11 Ekim 2006 Çarşamba

Sıkıldım ben yine...

Bir sıkıntı çöktü içime son zamanlarda. nedeni bilinmez. bööyle uyuz moduna geçtim, eve gidip ya tv seyrediyorum ya da tv seyrediyorum. Hani demiştim ya kitap vs okurdum eskiden diye, hak getire. bir sayfa bile okuyamaz oldum.
Geçen aklıma bir konu düştü, bu kesin yazmalıyım dedim, sonra emin de olamadım:) genel anlamda dokunayım bari...
düşündüm de evlenirken insan aslında bu evlilik sadece kendisini etkilemiyor, aileler de beraberinde evleniyor. Düşünsenize, hiç tanımadığınız bir kişi pat diye gelin, damat, baldız, kayınbirader, enişte vs olarak karşınıza çıkıveriyor ve siz bu kişiyi sevmek zorundasınız. Sevmeyebilirsiniz, çok normal, ama kendi kardeş, çocuk vs kaybetmek istemiyorsanız sevmek zorundasınız. onu mutlu etmek için sevmek zorundasınız. ha belki normal şartlar altında (yani birinin sevgilisi olmadan) karşılaşsanız zaten seveceğiniz biridir. ama o zorunluluk işleri daha bir karmaşıklaştırmaz mı? gerçekten mi sevdiniz yoksa zorunlu olduğunuz için mi? bunu çözmek muhtemelen zaman alacak bir olaydır. ama o sıra zarfında sevmeye mecbursunuz. Sorgulamazsınız, tanıyana kadar sevmek zorundasınız. Tanıdıkça hoşunuza gitmeyen huyları ortaya çıkabilir, o zaman karşınızda bir seçenek vardır. ya susup seveceksiniz ya da söyleyip ortamı gereceksiniz.
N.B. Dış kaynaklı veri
lemma walsh_harmonic_increment:
  assumes "z \<in> gen n"
  shows "walsh_harmonic c M (z @ [b]) - walsh_harmonic c M z
    = bit_sign ((z @ [b]) ! 0) * (\<Sum>i<M. c i * (profile M i (Suc n) - profile M i n) * walsh (z @ [b]) i)"
proof -
  have "length z = n"
    using assms by (simp add: gen_def)
  then have "walsh_harmonic c M (z @ [b]) - walsh_harmonic c M z = bit_sign ((z @ [b]) ! 0) *
      ((\<Sum>i<M. c i * profile M i (Suc n) * walsh (z @ [b]) i) - (\<Sum>i<M. c i * profile M i n * walsh (z @ [b]) i))"
    using walsh_harmonic_take[of "Suc n" "z @ [b]" c M] walsh_harmonic_take[of n "z @ [b]" c M]
    by (simp add: right_diff_distrib)
  then show ?thesis
    by (simp add: sum_subtractf[symmetric] algebra_simps)
qed

lemma S_spr_walsh_harmonic:
  "S_spr (walsh_harmonic c M) M
    = 1 / 2 * (\<Sum>n<M. 2 ^ Suc n * (\<Sum>i<Suc n. (c i * (profile M i (Suc n) - profile M i n))\<^sup>2))"
proof -
  define d where "d n i = c i * (profile M i (Suc n) - profile M i n)" for n i
  have level: "(\<Sum>z\<in>gen n. (walsh_harmonic c M (z @ [False]) - walsh_harmonic c M z)\<^sup>2
      + (walsh_harmonic c M (z @ [True]) - walsh_harmonic c M z)\<^sup>2) = 2 ^ Suc n * (\<Sum>i<Suc n. (d n i)\<^sup>2)"
    if "n < M" for n
  proof -
    \<comment> \<open>coordinates beyond the current generation carry no weight yet\<close>
    have "(\<Sum>i<M. d n i * walsh y i) = (\<Sum>i<Suc n. d n i * walsh y i)" for y
      using that by (intro sum.mono_neutral_right) (auto simp: d_def profile_eq_0)
    then have "(walsh_harmonic c M (z @ [b]) - walsh_harmonic c M z)\<^sup>2 = (\<Sum>i<Suc n. d n i * walsh (z @ [b]) i)\<^sup>2"
      if "z \<in> gen n" for z b
      using walsh_harmonic_increment[OF that, of c M b] by (simp add: d_def power_mult_distrib)
    then have "(\<Sum>z\<in>gen n. (walsh_harmonic c M (z @ [False]) - walsh_harmonic c M z)\<^sup>2
        + (walsh_harmonic c M (z @ [True]) - walsh_harmonic c M z)\<^sup>2)
        = (\<Sum>y\<in>gen (Suc n). (\<Sum>i<Suc n. d n i * walsh y i)\<^sup>2)"
      unfolding sum_gen_Suc by (intro sum.cong) simp_all
    then show ?thesis
      by (simp only: sum_gen_walsh_square)
  qed
  show ?thesis
    unfolding S_spr_def using level by (simp add: d_def)
qed

definition bdry_coeff :: "real \<Rightarrow> nat \<Rightarrow> nat \<Rightarrow> real" where
  "bdry_coeff \<epsilon> M i = \<epsilon> * 2 ^ (M - 1 - i) / 2"

lemma sum_power2_reversed: "(\<Sum>k<K. (2::real) ^ (K - Suc k)) = 2 ^ K - 1"
  using sum.nat_diff_reindex[of "\<lambda>k. (2::real) ^ k" K] geometric_sum[of "2::real" K] by simp

lemma bdry_eq_walsh:
  assumes "1 \<le> M" and "z \<in> gen M"
  shows "bdry \<epsilon> M z = bit_sign (z ! 0) * (\<Sum>i<M. bdry_coeff \<epsilon> M i * walsh z i)"
proof -
  obtain K where M: "M = Suc K"
    using assms(1) by (cases M) auto
  define S where "S = (\<Sum>l=2..M. 2 ^ (M - l) * bitval (z ! (l - 1)))"
  have S_shift: "S = (\<Sum>k<K. 2 ^ (K - Suc k) * bitval (z ! Suc k))"
    unfolding S_def M numeral_2_eq_2 sum.shift_bounds_cl_Suc_ivl sum.atLeast1_atMost_eq by simp
  have "(\<Sum>i<M. bdry_coeff 1 M i * walsh z i)
      = 2 ^ K / 2 + (\<Sum>k<K. 2 ^ (K - Suc k) * bitval (z ! Suc k) - 2 ^ (K - Suc k) / 2)"
    unfolding M sum.lessThan_Suc_shift
    by (simp add: bdry_coeff_def walsh_def bit_sign_def field_simps)
  also have "\<dots> = S + 1 / 2"
    unfolding S_shift sum_subtractf sum_divide_distrib[symmetric] sum_power2_reversed by (simp add: field_simps)
  moreover have "bdry_coeff \<epsilon> M i = \<epsilon> * bdry_coeff 1 M i" for i
    by (simp add: bdry_coeff_def)
  ultimately have "(\<Sum>i<M. bdry_coeff \<epsilon> M i * walsh z i) = \<epsilon> * (S + 1 / 2)"
    by (simp add: mult.assoc sum_distrib_left[symmetric])
  then show ?thesis
    unfolding bdry_def S_def[symmetric] by (simp add: algebra_simps)
qed

lemma bdry_coeff_increment:
  assumes "i \<le> n" and "n < M"
  shows "bdry_coeff \<epsilon> M i * (profile M i (Suc n) - profile M i n)
    = \<epsilon> * (2 ^ M / (8 * 2 ^ n * (1 - 1 / 2 ^ (M - i))))"
proof -
  define D :: real where "D = 1 - 1 / 2 ^ (M - i)"
  have "D \<noteq> 0"
    using assms one_minus_inverse_power2_ge_half[of "M - i"] by (simp add: D_def)
  have "(2 :: real) ^ (Suc n - i) = 2 * 2 ^ n / 2 ^ i" "(2 :: real) ^ (n - i) = 2 ^ n / 2 ^ i"
    using assms(1) by (simp_all add: power_diff)
  note powers = this
  have diff: "profile M i (Suc n) - profile M i n = 2 ^ i / (2 * 2 ^ n * D)"
    using \<open>D \<noteq> 0\<close> unfolding profile_def D_def[symmetric] powers by (simp add: field_simps)
  have "(2 :: real) ^ (M - 1 - i) = 2 ^ M / (2 * 2 ^ i)"
    using assms by (simp add: power_diff)
  then have coeff: "bdry_coeff \<epsilon> M i = \<epsilon> * 2 ^ M / (4 * 2 ^ i)"
    by (simp add: bdry_coeff_def)
  show ?thesis
    unfolding diff coeff D_def[symmetric] by (simp add: field_simps)
qed

lemma S_spr_bdry:
  assumes "1 \<le> M"
  shows "S_spr (dirichlet_solution M (bdry \<epsilon> M)) M
    = \<epsilon>\<^sup>2 / 2 * (\<Sum>n<M. 2 ^ Suc n * (\<Sum>i<Suc n. (2 ^ M / (8 * 2 ^ n * (1 - 1 / 2 ^ (M - i))))\<^sup>2))"
proof -
  define q where "q n i = (2 :: real) ^ M / (8 * 2 ^ n * (1 - 1 / 2 ^ (M - i)))" for n i
  have sol: "is_dirichlet_solution M (bdry \<epsilon> M) (walsh_harmonic (bdry_coeff \<epsilon> M) M)"
    using bdry_eq_walsh[OF assms] by (intro is_dirichlet_solution_walsh_harmonic) simp
  have "S_spr (dirichlet_solution M (bdry \<epsilon> M)) M = S_spr (walsh_harmonic (bdry_coeff \<epsilon> M) M) M"
    using dirichlet_solution_eq[OF sol] by (rule S_spr_cong)
  also have "\<dots> = 1 / 2 * (\<Sum>n<M. 2 ^ Suc n * (\<Sum>i<Suc n. (\<epsilon> * q n i)\<^sup>2))"
    unfolding S_spr_walsh_harmonic q_def
    by (intro arg_cong[where f = "(*) _"] sum.cong refl) (simp add: bdry_coeff_increment)
  also have "\<dots> = \<epsilon>\<^sup>2 / 2 * (\<Sum>n<M. 2 ^ Suc n * (\<Sum>i<Suc n. (q n i)\<^sup>2))"
    by (simp add: power_mult_distrib sum_distrib_left mult_ac del: sum.lessThan_Suc)
  finally show ?thesis
    by (simp only: q_def)
qed

lemma sum_Suc_div_power2: "(\<Sum>n<M. (real n + 1) / 2 ^ n) = 4 - (2 * real M + 4) / 2 ^ M"
proof (induction M)
  case (Suc M)
  have "(\<Sum>n<Suc M. (real n + 1) / 2 ^ n) = 4 - (2 * real M + 4) / 2 ^ M + (real M + 1) / 2 ^ M"
    using Suc.IH by simp
  also have "\<dots> = 4 - (2 * real (Suc M) + 4) / 2 ^ Suc M"
    by (simp add: field_simps)
  finally show ?case .
qed simp

lemma S_spr_bdry_ge:
  assumes "1 \<le> M"
  shows "\<epsilon>\<^sup>2 * ((2 ^ M)\<^sup>2 / 64 / (1 - 1 / 2 ^ M)\<^sup>2) \<le> S_spr (dirichlet_solution M (bdry \<epsilon> M)) M"
proof -
  \<comment> \<open>the two edges at the root already carry this much energy\<close>
  have "2 * (2 ^ M / (8 * (1 - 1 / 2 ^ M)))\<^sup>2
      \<le> (\<Sum>n<M. 2 ^ Suc n * (\<Sum>i<Suc n. (2 ^ M / (8 * 2 ^ n * (1 - 1 / 2 ^ (M - i))))\<^sup>2 :: real))"
    using member_le_sum[of 0 "{..<M}" "\<lambda>n. 2 ^ Suc n * (\<Sum>i<Suc n. (2 ^ M / (8 * 2 ^ n * (1 - 1 / 2 ^ (M - i))))\<^sup>2 :: real)"]
      assms by (simp add: sum_nonneg)
  then have "\<epsilon>\<^sup>2 / 2 * (2 * (2 ^ M / (8 * (1 - 1 / 2 ^ M)))\<^sup>2) \<le> S_spr (dirichlet_solution M (bdry \<epsilon> M)) M"
    unfolding S_spr_bdry[OF assms] by (rule mult_left_mono) simp
  then show ?thesis
    by (simp add: power_divide power_mult_distrib del: right_diff_distrib_numeral)
qed

lemma S_spr_bdry_le:
  assumes "1 \<le> M"
  shows "S_spr (dirichlet_solution M (bdry \<epsilon> M)) M \<le> \<epsilon>\<^sup>2 * (2 ^ M)\<^sup>2 / 4"
proof -
  have "(2 ^ M / (8 * 2 ^ n * (1 - 1 / 2 ^ (M - i))))\<^sup>2 \<le> (2 ^ M / (4 * 2 ^ n) :: real)\<^sup>2"
    if "i < M" for n i
  proof -
    have "1 / 2 \<le> 1 - 1 / (2 :: real) ^ (M - i)"
      using that by (intro one_minus_inverse_power2_ge_half) simp
    then have "2 ^ M / (8 * 2 ^ n * (1 - 1 / 2 ^ (M - i))) \<le> (2 ^ M / (8 * 2 ^ n * (1 / 2)) :: real)"
      by (intro divide_left_mono mult_left_mono) auto
    then show ?thesis
      by (simp add: power_mono)
  qed
  then have "(\<Sum>n<M. 2 ^ Suc n * (\<Sum>i<Suc n. (2 ^ M / (8 * 2 ^ n * (1 - 1 / 2 ^ (M - i))))\<^sup>2))
      \<le> (\<Sum>n<M. 2 ^ Suc n * (\<Sum>i<Suc n. (2 ^ M / (4 * 2 ^ n) :: real)\<^sup>2))"
    by (intro sum_mono mult_left_mono) auto
  also have "\<dots> = (2 ^ M)\<^sup>2 / 8 * (\<Sum>n<M. (real n + 1) / 2 ^ n)"
    unfolding sum_distrib_left by (intro sum.cong refl) (simp add: field_simps power2_eq_square)
  also have "\<dots> \<le> (2 ^ M)\<^sup>2 / 2"
    unfolding sum_Suc_div_power2 by simp
  finally show ?thesis
    unfolding S_spr_bdry[OF assms] by (auto dest: mult_left_mono[where c = "\<epsilon>\<^sup>2 / 2"])
qed

theorem lemma2p5:
  fixes \<epsilon> :: real and M :: nat
  assumes "\<epsilon> > 0" and "M \<ge> 1"
  shows "\<epsilon>\<^sup>2 * ((2::real) powr (2 * real M - 6) / (1 - 2 powr (- real M))\<^sup>2)
           \<le> S_spr (dirichlet_solution M (bdry \<epsilon> M)) M
       \<and> S_spr (dirichlet_solution M (bdry \<epsilon> M)) M
           \<le> \<epsilon>\<^sup>2 * ((2 ^ (M - 1) + 1/2)\<^sup>2 / (1 - 2 powr (- real M)))"
proof -
  have "(2 :: real) powr (2 * real M - 6) = 2 powr real (2 * M) / 2 powr 6"
    by (simp add: powr_diff)
  also have "\<dots> = (2 ^ M)\<^sup>2 / 64"
    by (simp add: powr_realpow power_even_eq del: of_nat_mult)
  finally have powr_M: "(2 :: real) powr (2 * real M - 6) = (2 ^ M)\<^sup>2 / 64" .
  have powr_minus_M: "(2 :: real) powr (- real M) = 1 / 2 ^ M"
    by (simp add: powr_minus powr_realpow divide_inverse)
  have "1 / 2 \<le> 1 - 1 / (2 :: real) ^ M" "1 - 1 / (2 :: real) ^ M \<le> 1"
    using one_minus_inverse_power2_ge_half[of M] assms(2) by auto
  have "((2 :: real) ^ M / 2)\<^sup>2 \<le> (2 ^ (M - 1) + 1 / 2)\<^sup>2"
    using assms(2) by (intro power_mono) (simp_all add: power_diff)
  also have "\<dots> \<le> (2 ^ (M - 1) + 1 / 2)\<^sup>2 / (1 - 1 / 2 ^ M)"
    using \<open>1 / 2 \<le> 1 - 1 / 2 ^ M\<close> \<open>1 - 1 / 2 ^ M \<le> 1\<close> by (simp add: le_divide_eq mult_left_le)
  finally have "\<epsilon>\<^sup>2 * (2 ^ M)\<^sup>2 / 4 \<le> \<epsilon>\<^sup>2 * ((2 ^ (M - 1) + 1 / 2)\<^sup>2 / (1 - 1 / 2 ^ M))"
    by (simp add: mult_left_mono power_divide flip: times_divide_eq_right)
  then show ?thesis
    using S_spr_bdry_ge[OF assms(2), of \<epsilon>] S_spr_bdry_le[OF assms(2), of \<epsilon>]
    unfolding powr_M powr_minus_M by linarith
qed

end
text \<open>
  Compatibility and balance make the mass of a vertex comparable, up to fixed constants, with
  the mass of its parent and with the masses of its horizontal neighbours. Two vertices of level
  n at distance O(a^-n) have ancestors a bounded number of generations up which coincide
  or are neighbours, so their masses are comparable; since the doubling property bounds the
  number of level-n vertices in a ball of radius R a^-n, the level-n mass of such a ball
  is at most a constant times the mass of the concentric ball of radius a^-n.
  The couplings move mass by less than 3 a^-k from level k to level k + 1, so for
  n \<le> k the level-n and level-k masses of balls agree up to enlarging the radius by 6 a^-n.
  Choosing a^-n comparable to r gives a doubling inequality at radius r for all
  sufficiently fine level measures, and it passes to the weak limit through continuous
  cut-off functions.
\<close>

section \<open>Separated sets in doubling spaces\<close>

lemma maximal_separated_dense:
  assumes "maximal_separated e Y" "0 < e"
  obtains z where "z \<in> Y" "dist y z < e"
proof (cases "y \<in> Y")
  case True
  with assms(2) show ?thesis by (intro that[of y]) auto
next
  case False
  then have "\<not> separated e (insert y Y)"
    using assms(1) unfolding maximal_separated_def by blast
  moreover have "separated e Y"
    using assms(1) unfolding maximal_separated_def by blast
  ultimately have "\<exists>z\<in>Y. dist y z < e"
    unfolding separated_def by (auto simp: dist_commute not_le)
  then show ?thesis using that by blast
qed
Hiç mi eşinden haz etmediğin akraba / arkadaşın yok diyecek olursanız, olmaz olur mu? herkesin olduğu gibi benim de var. ama onlarla eskisi gibi olmuyor işte. en güzeli gerçekten sevebilmek.
Umarım hepimizin karşısına gerçekten seveceğimiz akraba ve yeni arkadaşlar çıkarır.